Optional getting started advice

Ignore if you don't need this bit of support.

This is one in a series of tutorials in which we explore basic data import, exploration and much more using data from the Gapminder project. Now is the time to make sure you are working in the appropriate directory on your computer, perhaps through the use of an RStudio project. To ensure a clean slate, you may wish to clean out your workspace and restart R (both available from the RStudio Session menu, among other methods). Confirm that the new R process has the desired working directory, for example, with the getwd() command or by glancing at the top of RStudio's Console pane.

Open a new R script (in RStudio, File > New > R Script). Develop and run your code from there (recommended) or periodicially copy "good" commands from the history.
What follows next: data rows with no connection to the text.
(* Let $\mathsf{C},\mathsf{E}$ be finite-dimensional Hilbert spaces and $\mathsf{A}\cong\mathsf{A}'$ finite-dimensional with $d=\dim\mathsf{A}\ge2$. For every operator $Y\in\mathcal{B}(\mathsf{A}'\otimes\mathsf{C}\otimes\mathsf{A}\otimes\mathsf{E})$, \[ \mathbf{E}_{U\sim\mathds{U}(\mathsf{A})}\Big\|\Theta(Y)(U)-\mathbf{E}_{V\sim\mathds{U}(\mathsf{A})}\Theta(Y)(V)\Big\|_2^2\le\frac43\,\|Y\|_2^2 . \] Equivalently, the map $\Theta\circ(\mathrm{id}-\mathrm{E}_A)$ has norm at most $2/\sqrt3$ from $S_2(\mathsf{A}'\otimes\mathsf{C}\otimes\mathsf{A}\otimes\mathsf{E})$ to $L_2(\mathds{U}(\mathsf{A}),S_2(\mathsf{C}\otimes\mathsf{E}))$.
   Context: $|\Phi\rangle=d^{-1/2}\sum_i|i\rangle_{A'}|i\rangle_A$. The decoupling map $\Theta$ sends $Y\in\mathcal{B}(\mathsf{A}'\otimes\mathsf{C}\otimes\mathsf{A}\otimes\mathsf{E})$ to the $\mathcal{B}(\mathsf{C}\otimes\mathsf{E})$-valued function on the unitary group $\mathds{U}(\mathsf{A})$ given by $\Theta(Y)(U)=d^2\,(\langle\Phi|_{A'A}\otimes\mathds{1}_{CE})\,U_AYU_A^\dagger\,(|\Phi\rangle_{A'A}\otimes\mathds{1}_{CE})$ (with $U_A$ acting on $\mathsf{A}$ only). $\mathrm{E}_A(X)=\frac{\mathds{1}_A}{d}\otimes\mathrm{Tr}_A X$ is the completely depolarizing map on $\mathsf{A}$; note $\mathbf{E}_V\Theta(Y)(V)=\Theta(\mathrm{E}_A Y)(U)$ for all $U$. $\mathbf{E}$ denotes Haar average. $\|\cdot\|_p$ is the Schatten $p$-norm; $\|X\|_{L_p(\mathds{U}(\mathsf{A}),S_p)}=(\mathbf{E}_U\|X(U)\|_p^p)^{1/p}$. *)

theory Defs
  imports "HOL-Analysis.Analysis" "HOL-Probability.Probability"
begin

text \<open>Operators on A (dim d = CARD('a)) are d x d complex matrices, of type complex^'a^'a,
  with U $ i $ k the (i,k) entry in the computational basis |i>.\<close>

definition ctrans :: "complex^'a^'a \<Rightarrow> complex^'a^'a" where
  "ctrans U = (\<chi> i j. cnj (U $ j $ i))"

definition unitary_mat :: "complex^'a^'a \<Rightarrow> bool" where
  "unitary_mat U \<longleftrightarrow> U ** ctrans U = mat 1 \<and> ctrans U ** U = mat 1"

text \<open>Haar probability measure on the unitary group U(A): a Borel probability measure on the
  matrices, concentrated on the unitaries and invariant under left multiplication by unitaries
  (this characterises Haar measure uniquely).\<close>

definition haar_measure :: "(complex^'a^'a) measure \<Rightarrow> bool" where
  "haar_measure \<mu> \<longleftrightarrow> prob_space \<mu> \<and> sets \<mu> = sets borel
     \<and> emeasure \<mu> {U. unitary_mat U} = 1
     \<and> (\<forall>U. unitary_mat U \<longrightarrow> distr \<mu> \<mu> (\<lambda>V. U ** V) = \<mu>)"

text \<open>Operators on A'\<otimes>C\<otimes>A\<otimes>E are matrices indexed by ('a \<times> 'c \<times> 'a \<times> 'e);
  operators on C\<otimes>E by ('c \<times> 'e).  Theta Y U is
  d^2 (<Phi|_{A'A} \<otimes> 1) U_A Y U_A^* (|Phi>_{A'A} \<otimes> 1), with |Phi> = d^{-1/2} \<Sum>_i |i>|i>,
  written out in matrix entries.\<close>

definition Theta ::
  "('a::finite \<times> 'c::finite \<times> 'a \<times> 'e::finite \<Rightarrow> 'a \<times> 'c \<times> 'a \<times> 'e \<Rightarrow> complex)
    \<Rightarrow> complex^'a^'a \<Rightarrow> ('c \<times> 'e \<Rightarrow> 'c \<times> 'e \<Rightarrow> complex)" where
  "Theta Y U = (\<lambda>(c, e) (c', e').
     of_nat (CARD('a))^2 * (1 / of_nat (CARD('a))) *
     (\<Sum>i\<in>UNIV. \<Sum>j\<in>UNIV. \<Sum>k\<in>UNIV. \<Sum>l\<in>UNIV.
        U $ i $ k * Y (i, c, k, e) (j, c', l, e') * cnj (U $ j $ l)))"

definition hs_norm_sq :: "('i::finite \<Rightarrow> 'i \<Rightarrow> complex) \<Rightarrow> real" where
  "hs_norm_sq X = (\<Sum>x\<in>UNIV. \<Sum>y\<in>UNIV. (cmod (X x y))^2)"

end

theory Submission
  imports Defs
begin

text \<open>
  Each entry of \<open>\<Theta>(Y)(U)\<close> is \<open>d\<close> times \<open>sandwich B U\<close> for the corresponding \<open>C \<otimes> E\<close> block \<open>B\<close>
  of \<open>Y\<close>, an operator on \<open>A' \<otimes> A\<close>, so the left-hand side is a sum over blocks of variances of a
  sesquilinear expression in \<open>U\<close>. Such a variance is a quadratic form in \<open>B\<close> whose kernel
  consists of second moments of Haar unitaries. Left invariance under diagonal phases,
  transpositions and a two-dimensional Hadamard matrix, together with orthonormality of the
  columns, determines these moments (the Weingarten formula for \<open>U(d)\<close>), and the variance of
  a block becomes
  \<open>d (d |tr B|\<^sup>2 - \<parallel>tr\<^sub>A\<^sub>' B\<parallel>\<^sup>2 + d \<parallel>B\<parallel>\<^sup>2 - \<parallel>tr\<^sub>A B\<parallel>\<^sup>2) / (d\<^sup>2 - 1) - |tr B|\<^sup>2\<close>.
  By Cauchy-Schwarz, \<open>|tr B|\<^sup>2\<close> is at most \<open>d \<parallel>tr\<^sub>A B\<parallel>\<^sup>2\<close> and at most \<open>d \<parallel>tr\<^sub>A\<^sub>' B\<parallel>\<^sup>2\<close>, so the
  variance is at most \<open>d\<^sup>2 / (d\<^sup>2 - 1) \<parallel>B\<parallel>\<^sup>2 \<le> 4/3 \<parallel>B\<parallel>\<^sup>2\<close>.
\<close>

lemma sum_UNIV_prod: "(\<Sum>z\<in>UNIV. g z) = (\<Sum>x\<in>UNIV. \<Sum>y\<in>UNIV. g (x, y))"
  by (metis UNIV_Times_UNIV sum.cartesian_product')

lemma sum_product4:
  fixes f :: "'a \<Rightarrow> 'r::semiring_0" and g :: "'b \<Rightarrow> 'r" and h :: "'c \<Rightarrow> 'r" and k :: "'d \<Rightarrow> 'r"
  shows
  "sum f A * sum g B * sum h C * sum k D = (\<Sum>x\<in>A. \<Sum>y\<in>B. \<Sum>z\<in>C. \<Sum>w\<in>D. f x * g y * h z * k w)"
  by (simp only: sum_distrib_left[symmetric] sum_distrib_right[symmetric])

lemma nested_sum4_product:
  fixes f g :: "'a \<Rightarrow> 'a \<Rightarrow> 'a \<Rightarrow> 'a \<Rightarrow> 'r::semiring_0"
  shows "(\<Sum>i\<in>A. \<Sum>j\<in>A. \<Sum>k\<in>A. \<Sum>l\<in>A. f i j k l) * (\<Sum>i\<in>A. \<Sum>j\<in>A. \<Sum>k\<in>A. \<Sum>l\<in>A. g i j k l)
    = (\<Sum>i\<in>A. \<Sum>j\<in>A. \<Sum>k\<in>A. \<Sum>l\<in>A. \<Sum>i'\<in>A. \<Sum>j'\<in>A. \<Sum>k'\<in>A. \<Sum>l'\<in>A.
         f i j k l * g i' j' k' l')"
  by (simp only: sum_distrib_left[symmetric] sum_distrib_right[symmetric])

lemma if_zero_mult: "(if P then a else 0) * (b::'a::mult_zero) = (if P then a * b else 0)"
  by simp

lemma mult_if_zero: "(b::'a::mult_zero) * (if P then a else 0) = (if P then b * a else 0)"
  by simp

lemma sum_if_zero: "(\<Sum>y\<in>S. if P then f y else 0) = (if P then sum f S else 0)"
  by simp

lemma linear_system_swap:
  fixes d x y X Y :: "'a::field"
  assumes "d \<noteq> 0" and "d\<^sup>2 \<noteq> 1" and "d * x + y = X / d" and "d * y + x = Y / d"
  shows "x = (d * X - Y) / (d * (d\<^sup>2 - 1))"
proof -
  have "(d\<^sup>2 - 1) * x = d * (d * x + y) - (d * y + x)"
    by (simp add: algebra_simps power2_eq_square)
  also have "\<dots> = X - Y / d"
    using assms(1,3,4) by simp
  finally show ?thesis
    using assms(1,2) by (simp add: field_simps)
qed

lemma exists_neq_if_card_ge_2:
  assumes "CARD('n::finite) \<ge> 2"
  shows "\<exists>p::'n. a \<noteq> p"
proof (rule ccontr)
  assume "\<nexists>p::'n. a \<noteq> p"
  then have "UNIV = {a}"
    by auto
  then have "CARD('n) = card {a}"
    by (rule arg_cong)
  with assms show False
    by simp
qed

section \<open>Unitary matrices\<close>

lemma unitary_mat_columns_orthonormal:
  assumes "unitary_mat U"
  shows "(\<Sum>a\<in>UNIV. U$a$b * cnj (U$a$e)) = of_bool (b = e)"
proof -
  have "(ctrans U ** U) $ e $ b = mat 1 $ e $ b"
    using assms by (simp add: unitary_mat_def)
  then have "(\<Sum>a\<in>UNIV. cnj (U$a$e) * U$a$b) = of_bool (b = e)"
    by (auto simp: matrix_matrix_mult_def ctrans_def mat_def)
  then show ?thesis
    by (simp add: mult.commute)
qed

lemma unitary_mat_entry_norm_le_1:
  assumes "unitary_mat U"
  shows "cmod (U$a$b) \<le> 1"
proof -
  have "(\<Sum>x\<in>UNIV. (cmod (U$x$b))\<^sup>2) = 1"
    using unitary_mat_columns_orthonormal[OF assms, of b b]
    by (simp flip: complex_norm_square of_real_power of_real_sum)
  moreover have "(cmod (U$a$b))\<^sup>2 \<le> (\<Sum>x\<in>UNIV. (cmod (U$x$b))\<^sup>2)"
    by (rule member_le_sum) auto
  ultimately show ?thesis
    by (simp add: power_le_one_iff)
qed

lemma continuous_on_matrix_matrix_mult [continuous_intros]:
  fixes f :: "'x::topological_space \<Rightarrow> complex^'n::finite^'m::finite" and g :: "'x \<Rightarrow> complex^'p::finite^'n"
  assumes "continuous_on S f" and "continuous_on S g"
  shows "continuous_on S (\<lambda>x. f x ** g x)"
  unfolding matrix_matrix_mult_def by (intro continuous_intros assms)

lemma continuous_on_ctrans [continuous_intros]:
  fixes f :: "'x::topological_space \<Rightarrow> complex^'n::finite^'n"
  assumes "continuous_on S f"
  shows "continuous_on S (\<lambda>x. ctrans (f x))"
  unfolding ctrans_def by (intro continuous_intros assms)

lemma compact_unitary_mats: "compact {U :: complex^'n::finite^'n. unitary_mat U}"
  unfolding compact_eq_bounded_closed
proof
  let ?J = "\<chi> i j. 1 :: complex^'n^'n"
  have "norm U \<le> norm ?J" if "unitary_mat U" for U :: "complex^'n^'n"
    using unitary_mat_entry_norm_le_1[OF that]
    by (intro norm_le_componentwise_cart) simp
  then show "bounded {U :: complex^'n^'n. unitary_mat U}"
    unfolding bounded_iff by blast
  show "closed {U :: complex^'n^'n. unitary_mat U}"
    unfolding unitary_mat_def
    by (intro closed_Collect_conj closed_Collect_eq continuous_intros)
qed

lemma cnj_of_bool [simp]: "cnj (of_bool P) = of_bool P"
  by simp

definition diag_mat :: "('n::finite \<Rightarrow> complex) \<Rightarrow> complex^'n^'n" where
  "diag_mat w = (\<chi> i j. of_bool (i = j) * w i)"

lemma diag_mat_mult: "diag_mat w ** V = (\<chi> i j. w i * V$i$j)"
  by (simp add: vec_eq_iff diag_mat_def matrix_matrix_mult_def mult.assoc)

lemma unitary_diag_mat:
  assumes "\<And>i. cmod (w i) = 1"
  shows "unitary_mat (diag_mat w)"
proof -
  have "w i * cnj (w i) = 1" "cnj (w i) * w i = 1" for i
    using assms[of i] by (simp_all add: mult.commute[of "cnj _"] flip: complex_norm_square)
  then show ?thesis
    unfolding unitary_mat_def diag_mat_def ctrans_def matrix_matrix_mult_def mat_def
    by (simp add: vec_eq_iff mult.assoc)
qed

definition perm_mat :: "('n::finite \<Rightarrow> 'n) \<Rightarrow> complex^'n^'n" where
  "perm_mat \<sigma> = (\<chi> i j. of_bool (j = \<sigma> i))"

lemma perm_mat_mult: "perm_mat \<sigma> ** V = (\<chi> i j. V$(\<sigma> i)$j)"
  by (simp add: vec_eq_iff perm_mat_def matrix_matrix_mult_def)

lemma unitary_perm_mat:
  assumes "bij \<sigma>"
  shows "unitary_mat (perm_mat \<sigma>)"
proof -
  have "(\<Sum>k\<in>UNIV. of_bool (k = \<sigma> i) * of_bool (k = \<sigma> j) :: complex) = of_bool (i = j)" for i j
    using bij_is_inj[OF assms] by (simp add: inj_eq)
  moreover have "(\<Sum>k\<in>UNIV. of_bool (i = \<sigma> k) * of_bool (j = \<sigma> k) :: complex) = of_bool (i = j)" for i j
  proof -
    have inv: "\<sigma> (inv \<sigma> x) = x" for x
      using assms by (simp add: bij_def surj_f_inv_f)
    have "{k. i = \<sigma> k} = {inv \<sigma> i}"
      using assms by (auto simp: bij_def inv)
    then show ?thesis
      by (simp add: inv)
  qed
  ultimately show ?thesis
    by (simp add: unitary_mat_def perm_mat_def ctrans_def matrix_matrix_mult_def mat_def vec_eq_iff)
qed

definition hadamard_mat :: "'n::finite \<Rightarrow> 'n \<Rightarrow> complex^'n^'n" where
  "hadamard_mat p q = (\<chi> i j.
     if i \<in> {p, q} \<and> j \<in> {p, q} then (if i = q \<and> j = q then -1 else 1) * of_real (sqrt (1/2))
     else of_bool (i = j))"

lemma unitary_hadamard_mat:
  fixes p q :: "'n::finite"
  assumes "p \<noteq> q"
  shows "unitary_mat (hadamard_mat p q)"
proof -
  let ?H = "hadamard_mat p q"
  have self_adjoint: "ctrans ?H = ?H"
    by (auto simp: vec_eq_iff ctrans_def hadamard_mat_def)
  have h2: "of_real (sqrt (1/2)) * of_real (sqrt (1/2)) = (1/2 :: complex)"
    by (simp flip: of_real_mult)
  have split: "(\<Sum>k\<in>UNIV. f k) = f p + f q + (\<Sum>k\<in>UNIV - {p, q}. f k)" for f :: "'n \<Rightarrow> complex"
    using assms by (simp add: sum.subset_diff[of "{p, q}" UNIV])
  have rest: "(\<Sum>k\<in>UNIV - {p, q}. ?H$i$k * ?H$k$j) = of_bool (i \<notin> {p, q}) * ?H$i$j" for i j
    by (auto simp: hadamard_mat_def intro!: sum.neutral)
  have "(?H ** ?H) $ i $ j = mat 1 $ i $ j" for i j
    unfolding matrix_matrix_mult_def vec_lambda_beta split rest
    using assms by (auto simp: hadamard_mat_def mat_def h2)
  then have "?H ** ?H = mat 1"
    by (simp add: vec_eq_iff)
  with self_adjoint show ?thesis
    by (simp add: unitary_mat_def)
qed

lemma hadamard_mat_mult_row:
  assumes "p \<noteq> q"
  shows "(hadamard_mat p q ** V) $ p $ j = of_real (sqrt (1/2)) * (\<Sum>x\<in>{p, q}. V$x$j)"
proof -
  have "(hadamard_mat p q ** V) $ p $ j = (\<Sum>k\<in>{p, q}. hadamard_mat p q $ p $ k * V$k$j)"
    unfolding matrix_matrix_mult_def vec_lambda_beta
    by (rule sum.mono_neutral_right) (auto simp: hadamard_mat_def)
  then show ?thesis
    using assms by (simp add: hadamard_mat_def distrib_left)
qed

section \<open>Traces, partial traces and quadratic forms\<close>

definition op_trace :: "('i::finite \<Rightarrow> 'i \<Rightarrow> complex) \<Rightarrow> complex" where
  "op_trace M = (\<Sum>i\<in>UNIV. M i i)"

definition ptrace_fst :: "('a::finite \<times> 'b::finite \<Rightarrow> 'a \<times> 'b \<Rightarrow> complex) \<Rightarrow> 'b \<Rightarrow> 'b \<Rightarrow> complex" where
  "ptrace_fst B k l = (\<Sum>i\<in>UNIV. B (i, k) (i, l))"

definition ptrace_snd :: "('a::finite \<times> 'b::finite \<Rightarrow> 'a \<times> 'b \<Rightarrow> complex) \<Rightarrow> 'a \<Rightarrow> 'a \<Rightarrow> complex" where
  "ptrace_snd B i j = (\<Sum>k\<in>UNIV. B (i, k) (j, k))"

lemma op_trace_pair: "op_trace B = (\<Sum>i\<in>UNIV. \<Sum>k\<in>UNIV. B (i, k) (i, k))"
  unfolding op_trace_def by (rule sum_UNIV_prod)

lemma op_trace_ptrace_fst: "op_trace (ptrace_fst B) = op_trace B"
  unfolding op_trace_pair op_trace_def ptrace_fst_def by (rule sum.swap)

lemma op_trace_ptrace_snd: "op_trace (ptrace_snd B) = op_trace B"
  unfolding op_trace_pair op_trace_def ptrace_snd_def ..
In due course, save this script with a name ending in .r or .R, containing no spaces or other funny stuff, and evoking "scatter plots" and "lattice".

Load the Gapminder data, drop Oceania, load packages

Assuming the data can be found in the current working directory, this works:

gDat <- read.delim("gapminderDataFiveYear.txt")

Plan B (I use here, because of where the source of this tutorial lives):

## data import from URL
gdURL <- "http://www.stat.ubc.ca/~jenny/notOcto/STAT545A/examples/gapminder/data/gapminderDataFiveYear.txt"
gDat <- read.delim(file = gdURL)

Basic sanity check that the import has gone well:

str(gDat)

## 'data.frame':    1704 obs. of  6 variables:
##  $ country  : Factor w/ 142 levels "Afghanistan",..: 1 1 1 1 1 1 1 1 1 1 ..
##  $ year     : int  1952 1957 1962 1967 1972 1977 1982 1987 1992 1997 ...
##  $ pop      : num  8425333 9240934 10267083 11537966 13079460 ...
##  $ continent: Factor w/ 5 levels "Africa","Americas",..: 3 3 3 3 3 3 3 3 ..
##  $ lifeExp  : num  28.8 30.3 32 34 36.1 ...
##  $ gdpPercap: num  779 821 853 836 740 ...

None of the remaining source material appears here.